Part of Speech: Noun
Meaning: 1. A mime, a pantomime. 2. A brightly, indeed, fantastically costumed merrymaker at a festival.
Notes: The behavior of a mummer in either sense of today's Good Word is mummery. This noun can also refer to the costumes of merrymaking mummers. These mummers are prevalent in Thanksgiving and Fourth of July parades, where they generally march as flamboyant, high-stepping bands.
In Play: When Americans think of mummers today, they usually think of the high-stepping bands in gonzo costumes from the Philadelphia area: "I think the high school band's new uniforms are too flashy; they almost look like mummers." Of course, we may hyperbolize with this word whenever we see any outlandish or flamboyant outfit on someone: "Maude Lynn Dresser came to the party looking like a run-down mummer who had just stepped out of the 18th century!"

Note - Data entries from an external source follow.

lemma local_component_eq_0_if_sigma_eq_0:
  assumes "distinct (labels T)" "Node cs \<in> subtrees T" "\<forall>n\<in>set (leaves T). idx n < D n"
    and "sigma T D R W (lab (Node cs)) r = 0" "j < parent_rank R T (lab (Node cs))"
  shows "local_component T R W (lab (Node cs)) r j idx = 0"
proof -
  let ?\<nu> = "lab (Node cs)"
  have kids: "kids T ?\<nu> = cs"
    using kids_lab_Node[OF assms(1,2)] .
  have "(\<Sum>j<parent_rank R T ?\<nu>. (W ?\<nu> r j)\<^sup>2) = 0 \<or>
    (\<exists>c\<in>set cs. (\<Sum>i<rank D R c. (W (lab c) i r)\<^sup>2) = 0)"
    using assms(4) kids by (auto simp: sigma_def prod_list_zero_iff)
  then show ?thesis
  proof
    assume "(\<Sum>j<parent_rank R T ?\<nu>. (W ?\<nu> r j)\<^sup>2) = 0"
    then have "W ?\<nu> r j = 0"
      using assms(5) by (simp add: sum_nonneg_eq_0_iff)
    then show ?thesis
      by (simp add: local_component_def)
  next
    assume "\<exists>c\<in>set cs. (\<Sum>i<rank D R c. (W (lab c) i r)\<^sup>2) = 0"
    then obtain c where c: "c \<in> set cs" "\<forall>i<rank D R c. W (lab c) i r = 0"
      by (auto simp: sum_nonneg_eq_0_iff)
    have "idx n < D n" if "c = Leaf n" for n
      using assms(3) leaf_in_leaves child_in_subtrees[OF c(1) assms(2)] that by blast
    then have "tens R W c r idx = 0"
      using tens_eq_0_if_column_eq_0 c(2) by blast
    then show ?thesis
      using c(1) kids by (auto simp: local_component_def prod_list_zero_iff)
  qed
qed

lemma sigma_mult_local_comp:
  assumes "distinct (labels T)" "Node cs \<in> subtrees T" "\<forall>n\<in>set (leaves T). idx n < D n"
  shows "sigma T D R W (lab (Node cs)) r * local_comp T D R W (lab (Node cs)) r idx =
    tens_rep R W (lab (Node cs)) (local_component T R W (lab (Node cs)) r) T 0 idx"
proof -
  let ?\<nu> = "lab (Node cs)" and ?\<sigma> = "sigma T D R W (lab (Node cs)) r"
  have interior: "?\<nu> \<in> interior T"
    using assms(2) by (auto simp: interior_def)
  show ?thesis
  proof (cases "?\<sigma> = 0")
    case True
    have "tens_rep R W ?\<nu> (local_component T R W ?\<nu> r) T 0 idx =
      tens_rep R W ?\<nu> (\<lambda>j idx. 0 * local_component T R W ?\<nu> r j idx) T 0 idx"
      using local_component_eq_0_if_sigma_eq_0[OF assms True]
      by (intro tens_rep_cong_parent_rank[OF assms(1,2)]) simp
    also have "\<dots> = 0"
      by (subst tens_rep_scale[OF assms(1)]) (simp add: interior)
    finally show ?thesis
      using True by simp
  next
    case False
    have "local_comp T D R W ?\<nu> r idx =
      tens_rep R W ?\<nu> (\<lambda>j idx. (1 / ?\<sigma>) * local_component T R W ?\<nu> r j idx) T 0 idx"
      using False by (simp add: local_comp_def local_component_def mult.assoc)
    also have "\<dots> = (1 / ?\<sigma>) * tens_rep R W ?\<nu> (local_component T R W ?\<nu> r) T 0 idx"
      by (subst tens_rep_scale[OF assms(1)]) (simp add: interior)
    finally show ?thesis
      using False by simp
  qed
qed

lemma end_tensor_row_mask:
  assumes "distinct (labels T)" "Node cs \<in> subtrees T" "r < R (lab (Node cs))"
  shows "end_tensor T R (W(lab (Node cs) := (\<lambda>i j. if i = r then W (lab (Node cs)) i j else 0))) idx
    = tens_rep R W (lab (Node cs)) (local_component T R W (lab (Node cs)) r) T 0 idx"
  (is "end_tensor T R ?W idx = _")
proof -
  have "end_tensor T R ?W idx = tens_rep R W (lab (Node cs)) (tens R ?W (Node cs)) T 0 idx"
    by (rule end_tensor_eq_tens_rep[OF assms(1,2)]) simp
  also have "tens R ?W (Node cs) = local_component T R W (lab (Node cs)) r"
    unfolding local_component_def kids_lab_Node[OF assms(1,2)]
    by (intro ext) (rule tens_row_mask[where R = R, OF distinct_labels_subtree[OF assms(1,2)] assms(3)])
  finally show ?thesis .
qed

lemma end_tensor_child_column_mask:
  assumes "distinct (labels T)" "Node cs \<in> subtrees T" "c0 \<in> set cs" "r < R (lab (Node cs))"
  shows "end_tensor T R (W(lab c0 := (\<lambda>i j. if j = r then W (lab c0) i j else 0))) idx
    = tens_rep R W (lab (Node cs)) (local_component T R W (lab (Node cs)) r) T 0 idx"
  (is "end_tensor T R ?W idx = _")
proof -
  have "lab c0 \<in> set (labels (Node cs))"
    unfolding set_labels using child_in_subtrees_Node[OF assms(3)] by (rule imageI)
  then have "end_tensor T R ?W idx = tens_rep R W (lab (Node cs)) (tens R ?W (Node cs)) T 0 idx"
    by (intro end_tensor_eq_tens_rep[OF assms(1,2)]) auto
  also have "tens R ?W (Node cs) = local_component T R W (lab (Node cs)) r"
    unfolding local_component_def kids_lab_Node[OF assms(1,2)]
    by (intro ext)
      (rule tens_child_column_mask[where R = R, OF distinct_labels_subtree[OF assms(1,2)] assms(3,4)])
  finally show ?thesis .
qed

theorem lemma12:
  fixes N :: nat and D :: "nat \<Rightarrow> nat" and T :: mtree
    and R :: "nat set \<Rightarrow> nat" and W :: "nat set \<Rightarrow> nat \<Rightarrow> nat \<Rightarrow> real"
    and \<nu> \<nu>c :: "nat set" and r :: nat
  assumes "mode_tree N T"
    and "\<forall>n\<in>{1..N}. D n > 0"
    and "\<forall>\<mu>\<in>interior T. R \<mu> > 0"
    and "\<nu> \<in> interior T"
    and "\<nu>c \<in> lab ` set (kids T \<nu>)"
    and "r < R \<nu>"
  shows "(\<forall>idx. (\<forall>n\<in>{1..N}. idx n < D n) \<longrightarrow>
            end_tensor T R (W(\<nu> := (\<lambda>i j. if i = r then W \<nu> i j else 0))) idx
              = sigma T D R W \<nu> r * local_comp T D R W \<nu> r idx)
       \<and> (\<forall>idx. (\<forall>n\<in>{1..N}. idx n < D n) \<longrightarrow>
            end_tensor T R (W(\<nu>c := (\<lambda>i j. if j = r then W \<nu>c i j else 0))) idx
              = sigma T D R W \<nu> r * local_comp T D R W \<nu> r idx)"
proof -
  have dT: "distinct (labels T)" and leaves: "set (leaves T) = {1..N}"
    using assms(1) by (auto simp: mode_tree_def)
  obtain cs where node: "Node cs \<in> subtrees T" and \<nu>: "\<nu> = lab (Node cs)"
    using assms(4) by (auto simp: interior_def)
  obtain c0 where c0: "c0 \<in> set cs" "\<nu>c = lab c0"
    using assms(5) kids_lab_Node[OF dT node] \<nu> by auto
  have r: "r < R (lab (Node cs))"
    using assms(6) \<nu> by simp
  show ?thesis
    unfolding \<nu> c0(2)
    using sigma_mult_local_comp[OF dT node] leaves
      end_tensor_row_mask[where R = R, OF dT node r]
      end_tensor_child_column_mask[where R = R, OF dT node c0(1) r]
    by simp
qed

end
lemma sharpA_spec:
  assumes A: "positive_op A" and X: "X \<in> BA A"
  shows "bop (sharpA A X) \<and> A \<circ> sharpA A X = adj X \<circ> A \<and> range (sharpA A X) \<subseteq> closure (range A)"
proof -
  have bA: "bop A" by (rule positive_op_bop[OF A])
  obtain R where R: "bop R" "A \<circ> R = adj X \<circ> A" using X by (auto simp: BA_def)
  obtain P where P: "bop P" "\<forall>x. P x \<in> closure (range A) \<and> A (P x) = A x"
    using positive_op_projection_closure_range[OF A] by blast
  define R0 where "R0 x = P (R x)" for x
  have spec: "bop R0 \<and> A \<circ> R0 = adj X \<circ> A \<and> range R0 \<subseteq> closure (range A)"
    using bop_comp[OF P(1) R(1)] P(2) R(2) unfolding R0_def by (auto simp: fun_eq_iff)
  have unique: "R' = R0" if R': "bop R' \<and> A \<circ> R' = adj X \<circ> A \<and> range R' \<subseteq> closure (range A)" for R'
  proof
    fix x
    have "R' x - R0 x \<in> closure (range A)"
      using csubspace_diff[OF csubspace_closure[OF csubspace_range[OF bA]]] R' spec by blast
    moreover have "A (R' x - R0 x) = 0"
      using R' spec by (simp add: bop_diff[OF bA] fun_eq_iff)
    ultimately show "R' x = R0 x" using positive_op_kernel_closure_range[OF A] by fastforce
  qed
  have "sharpA A X = R0"
    unfolding sharpA_def using spec unique by (rule the_equality)
  then show ?thesis using spec by simp
qed

lemma cinner_A_sharpA:
  assumes A: "positive_op A" and X: "X \<in> BA A"
  shows "cinner (A (sharpA A X u)) v = cinner (A u) (X v)"
proof -
  have "A (sharpA A X u) = adj X (A u)"
    using sharpA_spec[OF A X] by (simp add: fun_eq_iff)
  moreover have "bop X" using X by (simp add: BA_def)
  ultimately show ?thesis by (simp add: adj_spec)
qed
(* Let $n\ge t\ge 1$ be integers. The dimensions of the reduced homology groups of $\Omega^n_t$ do not depend on the ground field $\Bbbk$, and for every integer $p$, $$\dim_\Bbbk \widetilde{H}_p(\Omega^n_t;\Bbbk)=\begin{cases}\delta_{p+2,\frac{2n}{t+1}} & \text{if } n\equiv 0\pmod{t+1},\\ \delta_{p+3,\frac{2(n+1)}{t+1}} & \text{if } n\equiv t\pmod{t+1},\\ 0&\text{otherwise,}\end{cases}$$ where $\delta$ is the Kronecker delta.
   Context: For integers $n\ge t\ge 1$, $\Omega^n_t$ is the simplicial complex on vertex set $\{1,\dots,n\}$ whose facets are the sets $\{1,\dots,n\}\setminus\{i,i+1,\dots,i+t-1\}$ for $i=1,\dots,n-t+1$ (so $\Omega^t_t=\{\emptyset\}$, the irrelevant complex). $\widetilde{H}_p(\cdot;\Bbbk)$ denotes reduced simplicial homology over the field $\Bbbk$. *)

theory Defs
  imports Complex_Main "HOL-Library.Function_Algebras"
begin

definition omega_facets :: "nat \<Rightarrow> nat \<Rightarrow> nat set set" where
  "omega_facets n t = {{1..n} - {i..i + t - 1} | i. 1 \<le> i \<and> i \<le> n - t + 1}"

definition omega :: "nat \<Rightarrow> nat \<Rightarrow> nat set set" where
  "omega n t = {\<sigma>. \<exists>F \<in> omega_facets n t. \<sigma> \<subseteq> F}"

text \<open>Simplicial chains (augmented, i.e. the empty face lives in degree -1) of a finite
  simplicial complex K on ordered vertices, with coefficients in a field 'k.\<close>

definition chains :: "nat set set \<Rightarrow> int \<Rightarrow> (nat set \<Rightarrow> 'k::field) set" where
  "chains K p = {c. \<forall>\<sigma>. c \<sigma> \<noteq> 0 \<longrightarrow> \<sigma> \<in> K \<and> int (card \<sigma>) = p + 1}"

definition bsign :: "nat set \<Rightarrow> nat \<Rightarrow> 'k::field" where
  "bsign \<sigma> v = (-1) ^ card {u \<in> \<sigma>. u < v}"

definition boundary :: "nat set set \<Rightarrow> (nat set \<Rightarrow> 'k::field) \<Rightarrow> nat set \<Rightarrow> 'k" where
  "boundary K c \<tau> =
     (\<Sum>\<sigma> \<in> {\<sigma> \<in> K. \<tau> \<subseteq> \<sigma> \<and> card \<sigma> = Suc (card \<tau>)}. bsign \<sigma> (the_elem (\<sigma> - \<tau>)) * c \<sigma>)"

definition cycles :: "nat set set \<Rightarrow> int \<Rightarrow> (nat set \<Rightarrow> 'k::field) set" where
  "cycles K p = {c \<in> chains K p. boundary K c = 0}"

definition boundaries :: "nat set set \<Rightarrow> int \<Rightarrow> (nat set \<Rightarrow> 'k::field) set" where
  "boundaries K p = boundary K ` chains K (p + 1)"

text \<open>dim of reduced homology H~_p(K; k) = dim Z_p - dim B_p (B_p is a subspace of Z_p).\<close>
definition red_homology_dim :: "'k::field itself \<Rightarrow> nat set set \<Rightarrow> int \<Rightarrow> nat" where
  "red_homology_dim TYPE('k) K p =
     vector_space.dim (\<lambda>(a::'k) c x. a * c x) (cycles K p :: (nat set \<Rightarrow> 'k) set)
     - vector_space.dim (\<lambda>(a::'k) c x. a * c x) (boundaries K p :: (nat set \<Rightarrow> 'k) set)"

end

theory Submission
  imports Defs
begin

text \<open>Algebraic discrete Morse theory.  A face of \<open>\<Omega>\<^sup>n\<^sub>t\<close> is a subset of \<open>{1..n}\<close> missing
  some \<open>t\<close> consecutive vertices.  Pair a face with the face obtained by toggling one vertex:
  the vertex right after its first free window of length \<open>t\<close>, or, when that window ends at
  \<open>n\<close>, the least vertex \<open>\<equiv> 1 (mod t + 1)\<close> whose toggling keeps it there.  This matching
  is acyclic, witnessed by the weight \<open>\<Sum>x\<in>\<sigma>. 2 ^ x\<close>, so the boundaries of the
  upper faces of the pairs are linearly independent, and rank--nullity then leaves only the
  unmatched faces to carry homology.  There is at most one unmatched face: it consists of both
  ends of every block of \<open>t + 1\<close> consecutive vertices before \<open>n - t\<close>, together with \<open>n - t\<close>,
  and it is unmatched exactly when \<open>n \<equiv> 0\<close> or \<open>n \<equiv> t (mod t + 1)\<close>; its size gives the degree.\<close>

section \<open>Chains with coefficients in a field\<close>

interpretation chain: vector_space "\<lambda>(a::'k::field) (c::nat set \<Rightarrow> 'k) x. a * c x"
  by unfold_locales (auto simp: fun_eq_iff algebra_simps)

lemma sum_fun_apply: "(\<Sum>x\<in>A. f x) r = (\<Sum>x\<in>A. f x r)"
  by (induction A rule: infinite_finite_induct) auto

lemma independent_card_le_dim_span:
  assumes "I \<subseteq> T" "chain.independent I" "T \<subseteq> chain.span E" "finite E"
  shows "card (I :: (nat set \<Rightarrow> 'k::field) set) \<le> chain.dim T"
proof -
  obtain B where B: "B \<subseteq> T" "chain.independent B" "T \<subseteq> chain.span B" "card B = chain.dim T"
    using chain.basis_exists by blast
  have fB: "finite B"
    using chain.independent_span_bound[OF assms(4) B(2)] B(1) assms(3) by auto
  have "I \<subseteq> chain.span B" using assms(1) B(3) by auto
  then show ?thesis using chain.independent_span_bound[OF fB assms(2)] B(4) by simp
qed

Word History: Today's Good Word is the word mum "silent, silence" with the suffix -er, which often doubles a final consonant (see also runner and quitter). Mum in this sense is onomatopoetic since it is pronounced by clinching the lips. It also underlies mumble. Where the second sense came from is a question with a bit more tangled answer. This sense may have resulted from an association with the word mime, inherited from Greek mimos via Latin mimus and French mime. Mimes are silent, but they do wear costumes. Costumes are also implied by Dutch mommen "disguise" and French momerie "masquerade, masked ball", either of which could be the source of mummer in the second sense. (Today's Good Word was suggested by Michael A. Salsburg, a member of the Ferko String Band, which you can always watch in a Fourth of July parade near Philadelphia.)